All of us have a human genome, which is basically a composite of our genes. But we also have a “screenome,” a composite of our digital lives, according to a group of researchers from the United States. Their goal is to make sense of how the screens in our lives are affecting us.

Credit Wikipedia Commons

A decade ago, the Human Genome Project worked to identify and map all of the genes of the human genome. In a nod to their research, academics Byron Reeves, Thomas Robinson and Nilam Ram created the concept of the ‘screenome’ to describe the entity formed by all the digital activity individuals subject themselves to.

The three argued that everything we know about the effects of media use on individuals and societies could be incomplete, irrelevant or wrong. We are all doing more online and as this expanding form of behavior is digitalized, it is open to all forms of manipulation, they said.

In a comment article in the latest edition of the journal Nature, the authors argued that a large-scale analysis of detailed recordings of digital life could provide far greater insights than simply measuring screen time. Americans now spend over half of their day interacting with digital media.

The academics said most of the thousands of studies investigating the effects of media over the past decade used people’s estimates of the amount of time they spend engaging with technologies or broadly categorized platforms such as ‘smartphone’, ‘social media’ or ‘entertainment media’.

Nevertheless, the range of content has become “too broad, patterns of consumption too fragmented, information diets too idiosyncratic, experiences too interactive, and devices too mobile,” for such simplistic characterization. Technologies now available can “allow researchers to record digital life in exquisite detail,” they said.

“Digital life is life these days. As we spend more of our life on our devices, so more of our life is expressed through these screens. This gives us a tremendous opportunity to learn about all aspects of human behaviour,” said Robinson to the Australian Financial Review.

Screenomics – the new tech

Tracking our digital life has become much easier. Instead of using a range of devices for different things, applications have been consolidated into smartphones and other mobile devices. At the same time, there are now tools available to see what people are doing on their screens.

The researchers are using so-called screenomics technologies to observe and understand our digital lives, minute by minute. The result of their initial work is a call for the Human Screenome Project, a collection of large-scale data that will inform knowledge of and solutions to a wide variety of social issues.

“Screenomics emerges from the development of systems for capturing and recording the details of individuals’ digital experiences,” said Ram to Penn News. “The system includes software that collects screenshots every five seconds on smartphones and laptop computers, extracts text and images, and allows analysis of the timing, content, function and context of digital life.”

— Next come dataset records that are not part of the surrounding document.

(* Fix $\nu>0$. In the setting of the context (one equality constraint, no inequality constraints), let $(\bar\mu,\bar\tau,\bar\sigma_f,\bar\sigma_h)$ be a critical point of the augmented canonical dual function $P^d_\nu$ in the interior of its domain. Then $\bar\tau=0$, $(\bar\mu,\bar\sigma_f,\bar\sigma_h)$ is a critical point of $P^d$, and $$P^d_\nu(\bar\mu,0,\bar\sigma_f,\bar\sigma_h)=P^d(\bar\mu,\bar\sigma_f,\bar\sigma_h).$$
   Context: Problem: minimize $f(x)$ over $x\in\mathbb{R}^n$ subject to a single equality constraint $h(x)=0$, where $f(x)=V_f(\Lambda_f(x))+\tfrac12x^TAx-c^Tx$ ($A$ symmetric, $c\in\mathbb{R}^n$) and $h(x)=V_h(\Lambda_h(x))\in\mathbb{R}$. Here $\Lambda_f:\mathbb{R}^n\to\mathbb{R}^{k_f}$, $\Lambda_h:\mathbb{R}^n\to\mathbb{R}^{l}$ are quadratic maps (components polynomials of degree at most 2), and $V_f,V_h$ are "canonical functions": each $V$ is differentiable on an open set $E$ containing the image of its $\Lambda$, $\nabla V:E\to E^*$ is a bijection onto an open set $E^*$, and the Legendre conjugate $V^*(\sigma)=\sigma^T\xi-V(\xi)$, $\xi=(\nabla V)^{-1}(\sigma)$, is differentiable on $E^*$ with $\nabla V^*=(\nabla V)^{-1}$. Augmented Lagrangian: $\mathcal L_\nu(x,\mu)=f(x)+\mu h(x)+\frac{1}{2\nu}h(x)^2$. Its total complementarity function, for $\mu,\tau\in\mathbb{R}$, $\sigma_f\in E_f^*$, $\sigma_h\in E_h^*$: $$\Xi_1^\nu(x,\mu,\tau,\sigma_f,\sigma_h)=\Lambda_f(x)^T\sigma_f-V_f^*(\sigma_f)+(\mu+\tau)\big[\Lambda_h(x)^T\sigma_h-V_h^*(\sigma_h)\big]-\tfrac{\nu}{2}\tau^2+\tfrac12x^TAx-c^Tx.$$ This is quadratic in $x$; $P^d_\nu(\mu,\tau,\sigma_f,\sigma_h)$ is defined, on the open set where the $x$-Hessian $\nabla_x^2\Xi_1^\nu$ is nonsingular, as the value of $\Xi_1^\nu(\cdot,\mu,\tau,\sigma_f,\sigma_h)$ at its unique stationary point in $x$. Similarly, with $\Xi_1(x,\mu,\sigma_f,\sigma_h)=\Lambda_f(x)^T\sigma_f-V_f^*(\sigma_f)+\mu[\Lambda_h(x)^T\sigma_h-V_h^*(\sigma_h)]+\tfrac12x^TAx-c^Tx$, the (non-augmented) canonical dual function $P^d(\mu,\sigma_f,\sigma_h)$ is defined, where $\nabla_x^2\Xi_1$ is nonsingular, as the value of $\Xi_1(\cdot,\mu,\sigma_f,\sigma_h)$ at its unique stationary point in $x$. *)

theory Defs
  imports "HOL-Analysis.Analysis"
begin

definition quadratic_map :: "(real^'n \<Rightarrow> real^'k) \<Rightarrow> bool" where
  "quadratic_map \<Lambda> \<longleftrightarrow>
     (\<exists>(Q :: 'k \<Rightarrow> real^'n^'n) (b :: 'k \<Rightarrow> real^'n) (c0 :: real^'k).
        \<forall>x. \<Lambda> x = (\<chi> i. x \<bullet> (Q i *v x) + b i \<bullet> x + c0 $ i))"

definition legendre_conj ::
  "('a::euclidean_space \<Rightarrow> real) \<Rightarrow> 'a set \<Rightarrow> ('a \<Rightarrow> 'a) \<Rightarrow> 'a \<Rightarrow> real" where
  "legendre_conj V E DV \<sigma> = \<sigma> \<bullet> inv_into E DV \<sigma> - V (inv_into E DV \<sigma>)"

definition canonical ::
  "('a::euclidean_space \<Rightarrow> real) \<Rightarrow> ('a \<Rightarrow> 'a) \<Rightarrow> 'a set \<Rightarrow> 'a set \<Rightarrow> bool" where
  "canonical V DV E Es \<longleftrightarrow>
     open E \<and> open Es \<and>
     (\<forall>\<xi>\<in>E. (V has_derivative (\<lambda>h. DV \<xi> \<bullet> h)) (at \<xi>)) \<and>
     bij_betw DV E Es \<and>
     (\<forall>\<sigma>\<in>Es. (legendre_conj V E DV has_derivative (\<lambda>h. inv_into E DV \<sigma> \<bullet> h)) (at \<sigma>))"

definition hessian :: "(real^'n \<Rightarrow> real) \<Rightarrow> real^'n \<Rightarrow> real^'n^'n" where
  "hessian g x = (\<chi> i j. frechet_derivative
       (\<lambda>y. frechet_derivative g (at y) (axis j 1)) (at x) (axis i 1))"

definition stat_value :: "(real^'n \<Rightarrow> real) \<Rightarrow> real" where
  "stat_value g = g (THE x. (g has_derivative (\<lambda>h. 0)) (at x))"

definition Xi1_nu ::
  "(real^'n \<Rightarrow> real^'k) \<Rightarrow> (real^'k \<Rightarrow> real) \<Rightarrow> (real^'n \<Rightarrow> real^'l) \<Rightarrow> (real^'l \<Rightarrow> real)
   \<Rightarrow> real^'n^'n \<Rightarrow> real^'n \<Rightarrow> real \<Rightarrow> real^'n \<Rightarrow> real \<Rightarrow> real \<Rightarrow> real^'k \<Rightarrow> real^'l \<Rightarrow> real" where
  "Xi1_nu \<Lambda>f Vfs \<Lambda>h Vhs A c \<nu> x \<mu> \<tau> \<sigma>f \<sigma>h =
     \<Lambda>f x \<bullet> \<sigma>f - Vfs \<sigma>f + (\<mu> + \<tau>) * (\<Lambda>h x \<bullet> \<sigma>h - Vhs \<sigma>h) - \<nu> / 2 * \<tau>^2
     + 1/2 * (x \<bullet> (A *v x)) - c \<bullet> x"

definition Xi1 ::
  "(real^'n \<Rightarrow> real^'k) \<Rightarrow> (real^'k \<Rightarrow> real) \<Rightarrow> (real^'n \<Rightarrow> real^'l) \<Rightarrow> (real^'l \<Rightarrow> real)
   \<Rightarrow> real^'n^'n \<Rightarrow> real^'n \<Rightarrow> real^'n \<Rightarrow> real \<Rightarrow> real^'k \<Rightarrow> real^'l \<Rightarrow> real" where
  "Xi1 \<Lambda>f Vfs \<Lambda>h Vhs A c x \<mu> \<sigma>f \<sigma>h =
     \<Lambda>f x \<bullet> \<sigma>f - Vfs \<sigma>f + \<mu> * (\<Lambda>h x \<bullet> \<sigma>h - Vhs \<sigma>h)
     + 1/2 * (x \<bullet> (A *v x)) - c \<bullet> x"

definition dom_Pd_nu ::
  "(real^'n \<Rightarrow> real^'k) \<Rightarrow> (real^'k \<Rightarrow> real) \<Rightarrow> (real^'k) set \<Rightarrow> (real^'n \<Rightarrow> real^'l) \<Rightarrow> (real^'l \<Rightarrow> real)
   \<Rightarrow> (real^'l) set \<Rightarrow> real^'n^'n \<Rightarrow> real^'n \<Rightarrow> real \<Rightarrow> (real \<times> real \<times> (real^'k) \<times> (real^'l)) set" where
  "dom_Pd_nu \<Lambda>f Vfs Efs \<Lambda>h Vhs Ehs A c \<nu> =
     {(\<mu>, \<tau>, \<sigma>f, \<sigma>h). \<sigma>f \<in> Efs \<and> \<sigma>h \<in> Ehs \<and>
        (\<forall>x. invertible (hessian (\<lambda>y. Xi1_nu \<Lambda>f Vfs \<Lambda>h Vhs A c \<nu> y \<mu> \<tau> \<sigma>f \<sigma>h) x))}"

definition Pd_nu ::
  "(real^'n \<Rightarrow> real^'k) \<Rightarrow> (real^'k \<Rightarrow> real) \<Rightarrow> (real^'n \<Rightarrow> real^'l) \<Rightarrow> (real^'l \<Rightarrow> real)
   \<Rightarrow> real^'n^'n \<Rightarrow> real^'n \<Rightarrow> real \<Rightarrow> real \<times> real \<times> (real^'k) \<times> (real^'l) \<Rightarrow> real" where
  "Pd_nu \<Lambda>f Vfs \<Lambda>h Vhs A c \<nu> = (\<lambda>(\<mu>, \<tau>, \<sigma>f, \<sigma>h).
     stat_value (\<lambda>x. Xi1_nu \<Lambda>f Vfs \<Lambda>h Vhs A c \<nu> x \<mu> \<tau> \<sigma>f \<sigma>h))"

definition dom_Pd ::
  "(real^'n \<Rightarrow> real^'k) \<Rightarrow> (real^'k \<Rightarrow> real) \<Rightarrow> (real^'k) set \<Rightarrow> (real^'n \<Rightarrow> real^'l) \<Rightarrow> (real^'l \<Rightarrow> real)
   \<Rightarrow> (real^'l) set \<Rightarrow> real^'n^'n \<Rightarrow> real^'n \<Rightarrow> (real \<times> (real^'k) \<times> (real^'l)) set" where
  "dom_Pd \<Lambda>f Vfs Efs \<Lambda>h Vhs Ehs A c =
     {(\<mu>, \<sigma>f, \<sigma>h). \<sigma>f \<in> Efs \<and> \<sigma>h \<in> Ehs \<and>
        (\<forall>x. invertible (hessian (\<lambda>y. Xi1 \<Lambda>f Vfs \<Lambda>h Vhs A c y \<mu> \<sigma>f \<sigma>h) x))}"

definition Pd ::
  "(real^'n \<Rightarrow> real^'k) \<Rightarrow> (real^'k \<Rightarrow> real) \<Rightarrow> (real^'n \<Rightarrow> real^'l) \<Rightarrow> (real^'l \<Rightarrow> real)
   \<Rightarrow> real^'n^'n \<Rightarrow> real^'n \<Rightarrow> real \<times> (real^'k) \<times> (real^'l) \<Rightarrow> real" where
  "Pd \<Lambda>f Vfs \<Lambda>h Vhs A c = (\<lambda>(\<mu>, \<sigma>f, \<sigma>h).
     stat_value (\<lambda>x. Xi1 \<Lambda>f Vfs \<Lambda>h Vhs A c x \<mu> \<sigma>f \<sigma>h))"

end

theory Submission
  imports Defs
begin

text \<open>\<open>\<Xi>\<^sub>1\<^sup>\<nu>\<close> at \<open>(\<mu>, \<tau>)\<close> is \<open>\<Xi>\<^sub>1\<close> at \<open>\<mu> + \<tau>\<close> minus a constant in \<open>x\<close>, so
  \<open>P\<^sup>d\<^sub>\<nu>(\<mu>, \<tau>, \<sigma>) = P\<^sup>d(\<mu> + \<tau>, \<sigma>) - \<nu>\<tau>\<^sup>2/2\<close> and the domains correspond likewise.
  Along the direction \<open>(-1, 1, 0, 0)\<close> the first summand is constant, so criticality forces
  \<open>\<nu>\<tau> = 0\<close>; on the slice \<open>\<tau> = 0\<close> the two dual functions coincide.\<close>

lemma has_derivative_add_const_iff:
  fixes g :: "'a::real_normed_vector \<Rightarrow> 'b::real_normed_vector"
  shows "((\<lambda>x. g x + k) has_derivative g') F \<longleftrightarrow> (g has_derivative g') F"
proof
  assume "((\<lambda>x. g x + k) has_derivative g') F"
  from has_derivative_add_const[OF this, of "-k"] show "(g has_derivative g') F" by simp
qed (rule has_derivative_add_const)

lemma stat_value_add_const: "stat_value (\<lambda>x. g x + k) = stat_value g + k"
  unfolding stat_value_def has_derivative_add_const_iff ..

lemma hessian_add_const: "hessian (\<lambda>x. g x + k) = hessian g"
  unfolding hessian_def frechet_derivative_def has_derivative_add_const_iff ..

lemma Xi1_nu_eq_Xi1:
  "Xi1_nu \<Lambda>f Vfs \<Lambda>h Vhs A c \<nu> x \<mu> \<tau> \<sigma>f \<sigma>h
     = Xi1 \<Lambda>f Vfs \<Lambda>h Vhs A c x (\<mu> + \<tau>) \<sigma>f \<sigma>h + - (\<nu> / 2 * \<tau>^2)"
  unfolding Xi1_nu_def Xi1_def by (simp add: algebra_simps)

lemma Pd_nu_eq_Pd:
  "Pd_nu \<Lambda>f Vfs \<Lambda>h Vhs A c \<nu> (\<mu>, \<tau>, \<sigma>f, \<sigma>h)
     = Pd \<Lambda>f Vfs \<Lambda>h Vhs A c (\<mu> + \<tau>, \<sigma>f, \<sigma>h) - \<nu> / 2 * \<tau>^2"
  unfolding Pd_nu_def Pd_def Xi1_nu_eq_Xi1 stat_value_add_const by simp

lemma dom_Pd_nu_eq_vimage:
  "dom_Pd_nu \<Lambda>f Vfs Efs \<Lambda>h Vhs Ehs A c \<nu>
     = (\<lambda>(\<mu>, \<tau>, \<sigma>). (\<mu> + \<tau>, \<sigma>)) -` dom_Pd \<Lambda>f Vfs Efs \<Lambda>h Vhs Ehs A c"
  unfolding dom_Pd_nu_def dom_Pd_def Xi1_nu_eq_Xi1 hessian_add_const by auto

lemma critical_point_of_shifted_penalty:
  fixes P :: "real \<times> 'a::real_normed_vector \<Rightarrow> real"
  assumes "((\<lambda>(\<mu>, \<tau>, \<sigma>). P (\<mu> + \<tau>, \<sigma>) - \<nu> / 2 * \<tau>^2) has_derivative (\<lambda>_. 0))
             (at (\<mu>, \<tau>, \<sigma>))"
  shows "\<nu> * \<tau> = 0"
proof -
  let ?F = "\<lambda>(\<mu>, \<tau>, \<sigma>). P (\<mu> + \<tau>, \<sigma>) - \<nu> / 2 * \<tau>^2"
  define \<gamma> where "\<gamma> t = (\<mu> - t, \<tau> + t, \<sigma>)" for t :: real
  have d\<gamma>: "(\<gamma> has_derivative (\<lambda>t. (-t, t, 0))) (at 0)"
    unfolding \<gamma>_def by (auto intro!: derivative_eq_intros simp: zero_prod_def)
  have "\<gamma> 0 = (\<mu>, \<tau>, \<sigma>)" by (simp add: \<gamma>_def)
  with assms have "(?F has_derivative (\<lambda>_. 0)) (at (\<gamma> 0))" by simp
  from diff_chain_at[OF d\<gamma> this] have zero: "((?F \<circ> \<gamma>) has_derivative (\<lambda>_. 0)) (at 0)"
    by (simp add: o_def[of "\<lambda>_. 0"])
  have "?F \<circ> \<gamma> = (\<lambda>t. P (\<mu> + \<tau>, \<sigma>) - \<nu> / 2 * (\<tau> + t)^2)"
    by (auto simp: \<gamma>_def)
  moreover have "((\<lambda>t. P (\<mu> + \<tau>, \<sigma>) - \<nu> / 2 * (\<tau> + t)^2) has_derivative (\<lambda>h. - (\<nu> * \<tau>) * h)) (at 0)"
    by (auto intro!: derivative_eq_intros simp: algebra_simps)
  ultimately have "((?F \<circ> \<gamma>) has_derivative (\<lambda>h. - (\<nu> * \<tau>) * h)) (at 0)" by simp
  from has_derivative_unique[OF zero this] show ?thesis by (metis mult_cancel_left1 neg_equal_0_iff_equal)
qed

lemma has_derivative_zero_slice:
  fixes F :: "real \<times> real \<times> 'a::real_normed_vector \<Rightarrow> 'b::real_normed_vector"
  assumes "(F has_derivative (\<lambda>_. 0)) (at (\<mu>, 0, \<sigma>))"
  shows "((\<lambda>(\<mu>, \<sigma>). F (\<mu>, 0, \<sigma>)) has_derivative (\<lambda>_. 0)) (at (\<mu>, \<sigma>))"
proof -
  define j where "j = (\<lambda>(\<mu>::real, \<sigma>::'a). (\<mu>, 0::real, \<sigma>))"
  have "(j has_derivative j) (at (\<mu>, \<sigma>))"
    unfolding j_def by (auto intro!: derivative_eq_intros simp: case_prod_beta')
  from diff_chain_at[OF this] assms show ?thesis
    by (simp add: j_def comp_def case_prod_beta')
qed

lemma interior_slice:
  fixes S :: "(real \<times> real \<times> 'a::topological_space) set"
  assumes "(\<mu>, 0, \<sigma>) \<in> interior S"
  shows "(\<mu>, \<sigma>) \<in> interior {(\<mu>, \<sigma>). (\<mu>, 0, \<sigma>) \<in> S}"
proof -
  define j where "j = (\<lambda>(\<mu>::real, \<sigma>::'a). (\<mu>, 0::real, \<sigma>))"
  have "continuous_on UNIV j"
    unfolding j_def by (auto intro!: continuous_intros simp: case_prod_beta')
  then have "open (j -` interior S)" by (auto intro: open_vimage)
  moreover have "j -` interior S \<subseteq> {(\<mu>, \<sigma>). (\<mu>, 0, \<sigma>) \<in> S}"
    using interior_subset by (auto simp: j_def)
  ultimately have "j -` interior S \<subseteq> interior {(\<mu>, \<sigma>). (\<mu>, 0, \<sigma>) \<in> S}"
    by (rule interior_maximal[rotated])
  moreover have "(\<mu>, \<sigma>) \<in> j -` interior S" using assms by (simp add: j_def)
  ultimately show ?thesis by blast
qed

theorem theorem3:
  fixes \<Lambda>f :: "real^'n \<Rightarrow> real^'k" and \<Lambda>h :: "real^'n \<Rightarrow> real^'l"
    and Vf :: "real^'k \<Rightarrow> real" and DVf :: "real^'k \<Rightarrow> real^'k" and Ef Efs :: "(real^'k) set"
    and Vh :: "real^'l \<Rightarrow> real" and DVh :: "real^'l \<Rightarrow> real^'l" and Eh Ehs :: "(real^'l) set"
    and A :: "real^'n^'n" and c :: "real^'n" and \<nu> :: real
    and \<mu> \<tau> :: real and \<sigma>f :: "real^'k" and \<sigma>h :: "real^'l"
  defines "Vfs \<equiv> legendre_conj Vf Ef DVf" and "Vhs \<equiv> legendre_conj Vh Eh DVh"
  assumes "\<nu> > 0"
    and "quadratic_map \<Lambda>f" and "quadratic_map \<Lambda>h"
    and "canonical Vf DVf Ef Efs" and "range \<Lambda>f \<subseteq> Ef"
    and "canonical Vh DVh Eh Ehs" and "range \<Lambda>h \<subseteq> Eh"
    and "transpose A = A"
    and "(\<mu>, \<tau>, \<sigma>f, \<sigma>h) \<in> interior (dom_Pd_nu \<Lambda>f Vfs Efs \<Lambda>h Vhs Ehs A c \<nu>)"
    and "(Pd_nu \<Lambda>f Vfs \<Lambda>h Vhs A c \<nu> has_derivative (\<lambda>_. 0)) (at (\<mu>, \<tau>, \<sigma>f, \<sigma>h))"
  shows "\<tau> = 0
    \<and> (\<mu>, \<sigma>f, \<sigma>h) \<in> interior (dom_Pd \<Lambda>f Vfs Efs \<Lambda>h Vhs Ehs A c)
    \<and> (Pd \<Lambda>f Vfs \<Lambda>h Vhs A c has_derivative (\<lambda>_. 0)) (at (\<mu>, \<sigma>f, \<sigma>h))
    \<and> Pd_nu \<Lambda>f Vfs \<Lambda>h Vhs A c \<nu> (\<mu>, 0, \<sigma>f, \<sigma>h) = Pd \<Lambda>f Vfs \<Lambda>h Vhs A c (\<mu>, \<sigma>f, \<sigma>h)"
proof -
  let ?F = "Pd_nu \<Lambda>f Vfs \<Lambda>h Vhs A c \<nu>"
  let ?P = "Pd \<Lambda>f Vfs \<Lambda>h Vhs A c"
  have F_eq: "?F = (\<lambda>(\<mu>, \<tau>, \<sigma>). ?P (\<mu> + \<tau>, \<sigma>) - \<nu> / 2 * \<tau>^2)"
    by (auto simp: Pd_nu_eq_Pd)
  have "\<nu> * \<tau> = 0"
    using critical_point_of_shifted_penalty assms(12) unfolding F_eq by blast
  with \<open>\<nu> > 0\<close> have \<tau>: "\<tau> = 0" by simp
  have P_eq: "?P = (\<lambda>(\<mu>, \<sigma>). ?F (\<mu>, 0, \<sigma>))"
    by (auto simp: Pd_nu_eq_Pd)
  have "(?P has_derivative (\<lambda>_. 0)) (at (\<mu>, \<sigma>f, \<sigma>h))"
    unfolding P_eq using has_derivative_zero_slice assms(12) \<tau> by blast
  moreover have "{(\<mu>, \<sigma>). (\<mu>, 0, \<sigma>) \<in> dom_Pd_nu \<Lambda>f Vfs Efs \<Lambda>h Vhs Ehs A c \<nu>}
      = dom_Pd \<Lambda>f Vfs Efs \<Lambda>h Vhs Ehs A c"
    by (auto simp: dom_Pd_nu_eq_vimage)
  with interior_slice assms(11) \<tau>
  have "(\<mu>, \<sigma>f, \<sigma>h) \<in> interior (dom_Pd \<Lambda>f Vfs Efs \<Lambda>h Vhs Ehs A c)" by metis
  ultimately show ?thesis using \<tau> by (simp add: Pd_nu_eq_Pd)
qed

end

In their article in Nature, the researchers outlined the possibilities of the technology. Over 600 participants have so far consented to use screenomics software on laptops and Android smartphones that were linked to the researchers’ secure computational infrastructure.

Participants then went about their daily lives while the system unobtrusively recorded their device use. In their initial analyses of these data, the researchers found that participants quickly changed tasks, approximately every 19 seconds on a laptop, and every 10 seconds on a smartphone.

All the information collected includes indicators of health and well-being and can be shared with larger interdisciplinary projects. Reeves, Robinson and Ram suggested that researchers wishing to study digital life could even create a repository that everyone can contribute to and use.

That type of large interdisciplinary project they call for would have far-reaching benefits for all areas of life touched by digital technology. “In the future, it might be possible for various apps to ‘interact’ with an individual’s screenome and to deliver interventions that alter how people think, learn, feel and behave,” said Ram.